Data for this task section start

lemma channel_extension_in_Delta_P:
  assumes fin: "finite B" and inj: "inj (case_prod g)"
    and P: "P \<in> distr_on A B (case_prod g ` (C \<times> W))"
    and Q: "Q \<in> Delta_P A B C (\<lambda>(x, y, z). \<Sum>w\<in>W. P (x, y, g z w))"
    and \<kappa>_nonneg: "\<And>x z w. 0 \<le> \<kappa> x z w"
    and \<kappa>_marg: "\<And>x z w. z \<in> C \<Longrightarrow> w \<in> W \<Longrightarrow> marg_XZ B Q x z * \<kappa> x z w = marg_XZ B P x (g z w)"
    and \<kappa>_sum: "\<And>x z. x \<in> A \<Longrightarrow> z \<in> C \<Longrightarrow> marg_XZ B Q x z \<noteq> 0 \<Longrightarrow> (\<Sum>w\<in>W. \<kappa> x z w) = 1"
    and R_app: "\<And>x y z w. z \<in> C \<Longrightarrow> w \<in> W \<Longrightarrow> R (x, y, g z w) = Q (x, y, z) * \<kappa> x z w"
    and R_out: "\<And>x y d. d \<notin> case_prod g ` (C \<times> W) \<Longrightarrow> R (x, y, d) = 0"
  shows "R \<in> Delta_P A B (case_prod g ` (C \<times> W)) P"
proof -
  define D where "D = case_prod g ` (C \<times> W)"
  have Q_nonneg: "\<And>t. 0 \<le> Q t" and Q_out: "\<And>t. t \<notin> A \<times> B \<times> C \<Longrightarrow> Q t = 0"
    using Q unfolding Delta_P_def distr_on_def by blast+
  have Q_xy: "\<And>x y. (\<Sum>z\<in>C. Q (x, y, z)) = (\<Sum>z\<in>C. \<Sum>w\<in>W. P (x, y, g z w))"
    using Q unfolding Delta_P_def by simp
  have P_out: "\<And>t. t \<notin> A \<times> B \<times> D \<Longrightarrow> P t = 0" and P_total: "(\<Sum>t\<in>A \<times> B \<times> D. P t) = 1"
    using P unfolding distr_on_def D_def by blast+
  have sum_D: "(\<Sum>d\<in>D. f d) = (\<Sum>z\<in>C. \<Sum>w\<in>W. f (g z w))" for f :: "_ \<Rightarrow> real"
    unfolding D_def by (rule sum_image_case_prod[OF inj_on_subset[OF inj subset_UNIV]])
  have R_on_D: "\<exists>z\<in>C. \<exists>w\<in>W. d = g z w \<and> R (x, y, d) = Q (x, y, z) * \<kappa> x z w" if "d \<in> D" for x y d
    using that R_app by (force simp: D_def)
  have R_nonneg: "0 \<le> R t" for t
    using R_on_D R_out Q_nonneg \<kappa>_nonneg unfolding D_def
    by (cases t rule: prod_cases3) (metis mult_nonneg_nonneg order_refl)
  have R_zero: "R t = 0" if "t \<notin> A \<times> B \<times> D" for t
  proof (cases t rule: prod_cases3)
    case (fields x y d)
    then show ?thesis
      using R_on_D[of d x y] R_out[of d x y] that Q_out by (cases "d \<in> D") (auto simp: D_def)
  qed
  have R_xy: "(\<Sum>d\<in>D. R (x, y, d)) = (\<Sum>d\<in>D. P (x, y, d))" for x y
  proof -
    have "(\<Sum>z\<in>C. \<Sum>w\<in>W. \<kappa> x z w * Q (x, y, z)) = (\<Sum>z\<in>C. Q (x, y, z))"
    proof (rule sum_kernel_weighted)
      fix z assume "z \<in> C" "Q (x, y, z) \<noteq> 0"
      moreover from this Q_out have "x \<in> A" "y \<in> B" by auto
      ultimately show "(\<Sum>w\<in>W. \<kappa> x z w) = 1"
        by (intro \<kappa>_sum marg_XZ_nonzero[OF fin Q_nonneg])
    qed
    then show ?thesis by (simp add: sum_D R_app Q_xy mult.commute)
  qed
  have R_xz: "(\<Sum>y\<in>B. R (x, y, d)) = (\<Sum>y\<in>B. P (x, y, d))" for x d
  proof (cases "d \<in> D")
    case True
    then obtain z w where "z \<in> C" "w \<in> W" "d = g z w" by (auto simp: D_def)
    then show ?thesis using \<kappa>_marg by (simp add: R_app marg_XZ_def sum_distrib_right)
  qed (simp add: R_out D_def P_out)
  have "(\<Sum>t\<in>A \<times> B \<times> D. R t) = 1"
    using P_total by (simp add: sum_cartesian_product3 R_xy)
  then show ?thesis
    using R_nonneg R_zero R_xy R_xz by (simp add: Delta_P_def distr_on_def D_def[symmetric])
qed

lemma Delta_P_refinement_le:
  assumes fin: "finite A" "finite B" "finite W" and inj: "inj (case_prod g)"
    and P: "P \<in> distr_on A B (case_prod g ` (C \<times> W))"
    and Q: "Q \<in> Delta_P A B C (\<lambda>(x, y, z). \<Sum>w\<in>W. P (x, y, g z w))"
  shows "\<exists>R \<in> Delta_P A B (case_prod g ` (C \<times> W)) P.
    cond_mi A B (case_prod g ` (C \<times> W)) R \<le> cond_mi A B C Q"
proof -
  \<comment> \<open>The conditional law \<open>P(w | x, z)\<close>; where the denominator vanishes, so does the
    numerator (see \<open>\<kappa>_marg\<close>), and the junk value \<open>0 / 0 = 0\<close> is harmless.\<close>
  define \<kappa> where "\<kappa> x z w = marg_XZ B P x (g z w) / marg_XZ B Q x z" for x z w
  have Q_nonneg: "0 \<le> Q t" for t
    using Q unfolding Delta_P_def distr_on_def by blast
  have P_nonneg: "0 \<le> P t" for t
    using P unfolding distr_on_def by blast
  have marg_eq: "marg_XZ B Q x z = (\<Sum>w\<in>W. marg_XZ B P x (g z w))" for x z
    using Q unfolding Delta_P_def marg_XZ_def by (simp add: sum.swap[of _ B W])
  have \<kappa>_nonneg: "0 \<le> \<kappa> x z w" for x z w
    unfolding \<kappa>_def by (simp add: marg_nonneg[where Q = Q, OF Q_nonneg] marg_nonneg[where Q = P, OF P_nonneg])
  have \<kappa>_marg: "marg_XZ B Q x z * \<kappa> x z w = marg_XZ B P x (g z w)" if "w \<in> W" for x z w
  proof (cases "marg_XZ B Q x z = 0")
    case True
    then have "marg_XZ B P x (g z w) = 0"
      using that sum_nonneg_eq_0_iff[OF fin(3), of "\<lambda>w. marg_XZ B P x (g z w)"]
      by (simp add: marg_eq marg_nonneg[where Q = P, OF P_nonneg])
    with True show ?thesis by (simp add: \<kappa>_def)
  qed (simp add: \<kappa>_def)
  have \<kappa>_sum: "(\<Sum>w\<in>W. \<kappa> x z w) = 1" if "marg_XZ B Q x z \<noteq> 0" for x z
    using that unfolding \<kappa>_def by (simp add: sum_divide_distrib[symmetric] marg_eq)
  obtain R where R_app: "\<And>x y z w. z \<in> C \<Longrightarrow> w \<in> W \<Longrightarrow> R (x, y, g z w) = Q (x, y, z) * \<kappa> x z w"
    and R_out: "\<And>x y d. d \<notin> case_prod g ` (C \<times> W) \<Longrightarrow> R (x, y, d) = 0"
    using exists_extension_on_image[OF inj, where F = "\<lambda>x y z w. Q (x, y, z) * \<kappa> x z w"] by blast
  have R: "R \<in> Delta_P A B (case_prod g ` (C \<times> W)) P"
    using fin(2) inj P Q \<kappa>_nonneg \<kappa>_marg \<kappa>_sum R_app R_out by (rule channel_extension_in_Delta_P)
  have "cond_mi A B (case_prod g ` (C \<times> W)) R
      = cond_mi A B (C \<times> W) (\<lambda>(x, y, z, w). Q (x, y, z) * \<kappa> x z w)"
    using R_app by (intro cond_mi_reindex inj_on_subset[OF inj]) auto
  also have "\<dots> \<le> cond_mi A B C Q"
    using fin(1,2) Q_nonneg \<kappa>_nonneg \<kappa>_sum by (rule cond_mi_channel_extension_le)
  finally show ?thesis using R by blast
qed

lemma UI_tilde_refinement_le:
  assumes fin: "finite A" "finite B" "finite W" and inj: "inj (case_prod g)"
    and P: "P \<in> distr_on A B (case_prod g ` (C \<times> W))"
  shows "UI_tilde A B (case_prod g ` (C \<times> W)) P \<le> UI_tilde A B C (\<lambda>(x, y, z). \<Sum>w\<in>W. P (x, y, g z w))"
proof -
  let ?D = "case_prod g ` (C \<times> W)" and ?Pm = "\<lambda>(x, y, z). \<Sum>w\<in>W. P (x, y, g z w)"
  have "?Pm \<in> Delta_P A B C ?Pm"
    using marginal_distr_on[OF inj P] by (simp add: Delta_P_def)
  moreover have "bdd_below (cond_mi A B ?D ` Delta_P A B ?D P)"
    using cond_mi_nonneg[OF fin(1,2)] by (auto simp: Delta_P_def distr_on_def intro!: bdd_belowI)
  ultimately show ?thesis
    unfolding UI_tilde_def using Delta_P_refinement_le[OF fin inj P]
    by (intro cInf_mono) auto
qed

lemma tuples_Suc: "tuples S (Suc k) = (\<lambda>(zs, z). zs @ [z]) ` (tuples S k \<times> S k)"
proof (intro equalityI subsetI)
  fix zs assume zs: "zs \<in> tuples S (Suc k)"
  then have "zs \<noteq> []" by (auto simp: tuples_def)
  moreover from zs this have "butlast zs \<in> tuples S k" "last zs \<in> S k"
    by (auto simp: tuples_def nth_butlast last_conv_nth)
  ultimately show "zs \<in> (\<lambda>(zs, z). zs @ [z]) ` (tuples S k \<times> S k)"
    by (auto intro!: image_eqI[where x = "(butlast zs, last zs)"])
qed (auto simp: tuples_def nth_append less_Suc_eq)

theorem mainTheorem15:
  fixes A :: "'x set" and B :: "'y set" and S :: "nat \<Rightarrow> 'z set" and k :: nat
    and P :: "'x \<times> 'y \<times> 'z list \<Rightarrow> real"
  assumes "k \<ge> 1"
    and "finite A" and "finite B" and "\<forall>i\<le>k. finite (S i)"
    and "P \<in> distr_on A B (tuples S (Suc k))"
  shows "UI_tilde A B (tuples S k) (\<lambda>(x, y, zs). \<Sum>z\<in>S k. P (x, y, zs @ [z]))
           \<ge> UI_tilde A B (tuples S (Suc k)) P"
proof -
  have "inj (\<lambda>(zs, z). zs @ [z])" by (auto intro!: injI)
  then show ?thesis
    using UI_tilde_refinement_le[of A B "S k" "\<lambda>zs z. zs @ [z]" P "tuples S k"] assms
    by (simp add: tuples_Suc)
qed


end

Data for this task section end

| Task instructions |
Word for word, restate the entries from the first line to the line that has "using Q unfolding Delta_P_def by simp", both included, and nothing else.

| Answer to this task |
lemma channel_extension_in_Delta_P:
  assumes fin: "finite B" and inj: "inj (case_prod g)"
    and P: "P \<in> distr_on A B (case_prod g ` (C \<times> W))"
    and Q: "Q \<in> Delta_P A B C (\<lambda>(x, y, z). \<Sum>w\<in>W. P (x, y, g z w))"
    and \<kappa>_nonneg: "\<And>x z w. 0 \<le> \<kappa> x z w"
    and \<kappa>_marg: "\<And>x z w. z \<in> C \<Longrightarrow> w \<in> W \<Longrightarrow> marg_XZ B Q x z * \<kappa> x z w = marg_XZ B P x (g z w)"
    and \<kappa>_sum: "\<And>x z. x \<in> A \<Longrightarrow> z \<in> C \<Longrightarrow> marg_XZ B Q x z \<noteq> 0 \<Longrightarrow> (\<Sum>w\<in>W. \<kappa> x z w) = 1"
    and R_app: "\<And>x y z w. z \<in> C \<Longrightarrow> w \<in> W \<Longrightarrow> R (x, y, g z w) = Q (x, y, z) * \<kappa> x z w"
    and R_out: "\<And>x y d. d \<notin> case_prod g ` (C \<times> W) \<Longrightarrow> R (x, y, d) = 0"
  shows "R \<in> Delta_P A B (case_prod g ` (C \<times> W)) P"
proof -
  define D where "D = case_prod g ` (C \<times> W)"
  have Q_nonneg: "\<And>t. 0 \<le> Q t" and Q_out: "\<And>t. t \<notin> A \<times> B \<times> C \<Longrightarrow> Q t = 0"
    using Q unfolding Delta_P_def distr_on_def by blast+
  have Q_xy: "\<And>x y. (\<Sum>z\<in>C. Q (x, y, z)) = (\<Sum>z\<in>C. \<Sum>w\<in>W. P (x, y, g z w))"
    using Q unfolding Delta_P_def by simp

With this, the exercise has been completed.